Graine de Pastel et Altereo, deux PME déjà actives
C’est ainsi que la société Graine de Pastel est entrée sur le marché des cosmétiques en juin. « Notre directeur Export, ancien chef de la zone Moyen-Orient pour un groupe pendant dix ans, avait identifié les trois distributeurs capables de développer la marque. Nous en avons choisi un, qui travaille déjà pour Guerlain et est bien implanté dans la zone », a relaté Carole Garcia (notre photo), cofondatrice en 2003 et présidente de cette société de cosmétiques avec des propriétés médicinales, réalisés à partir de plantes cultivées dans un champ de la région toulousaine. Graine de Pastel, qui a connu une croissance globale de ses ventes de 70 % en 2014, envisage de porter son taux d’export à 50 % en 2018. Pour Carole Garcia, l’Iran est une opportunité, car « il s’agit du septième pays au monde pour la consommation de cosmétiques », un pays où « les 38 millions de femmes soignent leur beauté, passant plus d’une heure par jour devant leur miroir ».
La PME toulousaine profitera de la mission de Medef International pour approfondir sa connaissance du marché.
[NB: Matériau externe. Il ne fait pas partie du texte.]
lemma frobenius_op_resonant_fps:
  "frobenius_op K (- of_nat m) (resonant_fps K m)
     = fps_const (2 * resonance_const K m) * (fps_X ^ m * bloch_deriv (of_nat m) (bessel_fps K (of_nat m)))"
proof (rule fps_ext)
  fix n
  define a h A where "a = bessel_coeff K (of_nat m)" and "h = fps_nth (resonant_fps K m)"
    and "A = resonance_const K m"
  have lhs: "fps_nth (frobenius_op K (- of_nat m) (resonant_fps K m)) n
      = 4 * of_nat n * (of_nat n - of_nat m) * h n + (if n = 0 then 0 else K * h (n - 1))"
    by (simp add: frobenius_op_nth h_def)
  have rhs: "fps_nth (fps_const (2 * A) * (fps_X ^ m * bloch_deriv (of_nat m) (bessel_fps K (of_nat m)))) n
      = 2 * A * (if n < m then 0 else 2 * \<i> * ((of_nat m / 2 + of_nat (n - m)) * a (n - m)))"
    by (simp add: fps_X_power_mult_nth bloch_deriv_def bessel_fps_def a_def)
  consider "n < m" | "n = m" | j where "n = Suc (m + j)"
    by (metis less_imp_Suc_add nat_neq_iff)
  then have "4 * of_nat n * (of_nat n - of_nat m) * h n + (if n = 0 then 0 else K * h (n - 1))
      = 2 * A * (if n < m then 0 else 2 * \<i> * ((of_nat m / 2 + of_nat (n - m)) * a (n - m)))"
  proof cases
    case 1
    then show ?thesis
      using resonant_head_recurrence[of "n - 1" m K]
      by (cases n) (simp_all add: h_def resonant_fps_def)
  next
    case 2
    then show ?thesis
      by (cases m) (simp_all add: h_def a_def A_def resonant_fps_def resonance_const_def harmonic_weight_def
          del: of_nat_Suc)
  next
    case 3
    then show ?thesis
      using resonant_fps_recurrence_beyond[of m j K]
      by (simp add: h_def a_def A_def algebra_simps)
  qed
  then show "fps_nth (frobenius_op K (- of_nat m) (resonant_fps K m)) n
      = fps_nth (fps_const (2 * resonance_const K m) * (fps_X ^ m * bloch_deriv (of_nat m) (bessel_fps K (of_nat m)))) n"
    unfolding lhs A_def[symmetric] rhs .
qed

section \<open>Dirichlet and Neumann values at the squares\<close>

lemma exp_pi_neg_of_nat: "exp (\<i> * (- of_nat m) * pi) = exp (\<i> * of_nat m * pi)"
proof -
  have "exp (of_nat m * (\<i> * pi)) = (-1) ^ m" "exp (of_nat m * - (\<i> * pi)) = (-1) ^ m"
    by (simp_all only: exp_of_nat_mult exp_minus exp_pi_i) simp_all
  then show ?thesis
    by (simp add: mult_ac)
qed

lemma exp_two_i_ne_1:
  assumes "0 < x" "x < pi"
  shows "exp (2 * \<i> * of_real x) \<noteq> 1"
proof
  assume "exp (2 * \<i> * of_real x) = 1"
  then obtain n :: int where "2 * x = of_int (2 * n) * pi"
    unfolding exp_eq_1 by auto
  then have "x = of_int n * pi"
    by simp
  with assms have "(0 :: real) < of_int n" "of_int n < (1 :: real)"
    by (simp_all add: zero_less_mult_iff)
  then show False
    by simp
qed

lemma sol_with_deriv_bessel_resonant:
  fixes K :: real and m :: nat and u u' w w' :: "real \<Rightarrow> complex" and A :: complex
  defines "u \<equiv> bloch_fun (of_nat m) (bessel_fps K (of_nat m))"
    and "u' \<equiv> bloch_fun (of_nat m) (bloch_deriv (of_nat m) (bessel_fps K (of_nat m)))"
    and "w \<equiv> bloch_fun (- of_nat m) (resonant_fps K m)"
    and "w' \<equiv> bloch_fun (- of_nat m) (bloch_deriv (- of_nat m) (resonant_fps K m))"
    and "A \<equiv> resonance_const K m"
  shows "sol_with_deriv K ((of_nat m)\<^sup>2) u u'"
    and "sol_with_deriv K ((of_nat m)\<^sup>2) (\<lambda>t. A * t * u t + w t) (\<lambda>t. A * (t * u' t + u t) + w' t)"
proof -
  have "of_nat (Suc n) + of_nat m \<noteq> (0 :: complex)" for n
    by (simp only: of_nat_add[symmetric] of_nat_eq_0_iff)
  then show U: "sol_with_deriv K ((of_nat m)\<^sup>2) u u'"
    unfolding u_def u'_def by (intro sol_with_deriv_bloch_fun entire_bessel_fps frobenius_op_bessel_fps)
  have h: "entire_fps (resonant_fps K m)"
    by (rule entire_resonant_fps)
  have "bloch_fun (- of_nat m) (frobenius_op K (- of_nat m) (resonant_fps K m)) t = 2 * A * u' t" for t
    unfolding frobenius_op_resonant_fps
    by (simp add: bloch_fun_const_mult bloch_fun_X_power entire_bessel_fps u'_def A_def)
  then have w': "(w' has_vector_derivative (pot K t - (of_nat m)\<^sup>2) * w t - 2 * A * u' t) (at t)" for t
    using has_vector_derivative_bloch_fun[of "bloch_deriv (- of_nat m) (resonant_fps K m)" "- of_nat m" t]
      bloch_fun_bloch_deriv_twice[OF h, of "- of_nat m" t K] h
    by (simp add: w_def w'_def)
  have w: "(w has_vector_derivative w' t) (at t)" for t
    unfolding w_def w'_def by (rule has_vector_derivative_bloch_fun[OF h])
  show "sol_with_deriv K ((of_nat m)\<^sup>2) (\<lambda>t. A * t * u t + w t) (\<lambda>t. A * (t * u' t + u t) + w' t)"
    by (rule sol_with_deriv_resonant[OF U w w'])
qed

lemma dirichlet_neumann_at_square_nonzero:
  assumes "K > 0" and "0 < x" and "x < pi"
  shows "ssol K ((of_nat m)\<^sup>2) x (x + pi) \<noteq> 0"
    and "vector_derivative (csol K ((of_nat m)\<^sup>2) x) (at (x + pi)) \<noteq> 0"
proof -
  define k :: complex where "k = of_nat m"
  define a h A where "a = bessel_fps K k" and "h = resonant_fps K m" and "A = resonance_const K m"
  define u u' where "u = bloch_fun k a" and "u' = bloch_fun k (bloch_deriv k a)"
  define v v' where "v t = A * t * u t + bloch_fun (- k) h t"
    and "v' t = A * (t * u' t + u t) + bloch_fun (- k) (bloch_deriv (- k) h) t" for t :: real
  have U: "sol_with_deriv K (k\<^sup>2) u u'" and V: "sol_with_deriv K (k\<^sup>2) v v'"
    using sol_with_deriv_bessel_resonant[of K m]
    unfolding u_def u'_def v_def[abs_def] v'_def[abs_def] k_def a_def h_def A_def by simp_all
  define \<epsilon> where "\<epsilon> = exp (\<i> * k * pi)"
  have u_shift: "u (t + pi) = \<epsilon> * u t" "u' (t + pi) = \<epsilon> * u' t" for t
    by (simp_all add: u_def u'_def \<epsilon>_def bloch_fun_shift_pi)
  have v_shift: "v (t + pi) = \<epsilon> * (v t + A * pi * u t)" "v' (t + pi) = \<epsilon> * (v' t + A * pi * u' t)" for t
    using u_shift[of t] exp_pi_neg_of_nat[of m] bloch_fun_shift_pi[of "- k" h t]
      bloch_fun_shift_pi[of "- k" "bloch_deriv (- k) h" t]
    by (simp_all add: v_def v'_def \<epsilon>_def k_def algebra_simps)
  define w where "w = exp (2 * \<i> * of_real x)"
  have w: "norm w = 1" "w \<noteq> 1"
    using exp_two_i_ne_1[OF assms(2,3)] by (simp_all add: w_def)
  have "u x \<noteq> 0"
    using bessel_fps_nonzero_on_circle(1)[OF assms(1) w] by (simp add: u_def bloch_fun_def a_def k_def w_def)
  moreover have "u' x = \<i> * exp (\<i> * k * x) * (of_nat m * eval_fps a w + 2 * w * eval_fps (fps_deriv a) w)"
    using entire_bessel_fps[of K k]
    by (simp add: u'_def bloch_fun_def a_def k_def w_def bloch_deriv_def eval_fps_entire_simps
        eval_fps_XDp algebra_simps)
  then have "u' x \<noteq> 0"
    using bessel_fps_nonzero_on_circle(2)[OF assms(1) w] by (simp add: a_def k_def)
  moreover have "\<epsilon> \<noteq> 0" "A * pi \<noteq> 0"
    using assms(1) by (simp_all add: \<epsilon>_def A_def resonance_const_nonzero)
  ultimately show "ssol K ((of_nat m)\<^sup>2) x (x + pi) \<noteq> 0"
    and "vector_derivative (csol K ((of_nat m)\<^sup>2) x) (at (x + pi)) \<noteq> 0"
    using dirichlet_neumann_jordan_monodromy[OF U V u_shift v_shift] by (simp_all add: k_def)
qed

theorem theorem6p7:
  fixes K x :: real
  assumes "K > 0" and "0 < x" and "x < pi"
  shows "(\<forall>mu E. dirichlet_ev K x mu \<and> periodic_ev K E \<longrightarrow> mu \<noteq> E) \<and>
         (\<forall>nu E. neumann_ev K x nu \<and> periodic_ev K E \<longrightarrow> nu \<noteq> E)"
  using periodic_ev_imp_square dirichlet_neumann_at_square_nonzero[OF assms]
  unfolding dirichlet_ev_def neumann_ev_def by metis

end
Tout comme Altereo, un spécialiste des réseaux d’eau potable et d’assainissement et, plus particulièrement, des études et des systèmes de cartographie. L’entreprise, dont un responsable est iranien, « a déjà identifié des partenaires », a indiqué le président de cette société de 150 salariés à Venelles (Aix-en-Provence), Christian Laplaud, également à la tête du Comité stratégique des éco-industries, créé en juillet 2008 par les ministres en charge du développement durable et de l’industrie, et vice-président du pôle de compétitivité à vocation mondiale Eau.
Une mission autrichienne, une concurrence allemande, turque…
De façon concrète, la délégation de Medef International s’envolera vers Téhéran le dimanche 20 septembre à 9 heures. Arrivée prévue en début d’après-midi. L’ambassadeur de France, Bruno Foucher, doit recevoir la délégation le soir même. Lundi 21 septembre, plusieurs opérations vont se succéder : d’abord, une réunion d’informations avec la communauté française sur place (conseillers du commerce extérieur de la France/CCEF, Service économique, etc.), ensuite, un forum d’affaires franco-iranien et, enfin, une série de rendez-vous avec les autorités iraniennes, dont des ministres.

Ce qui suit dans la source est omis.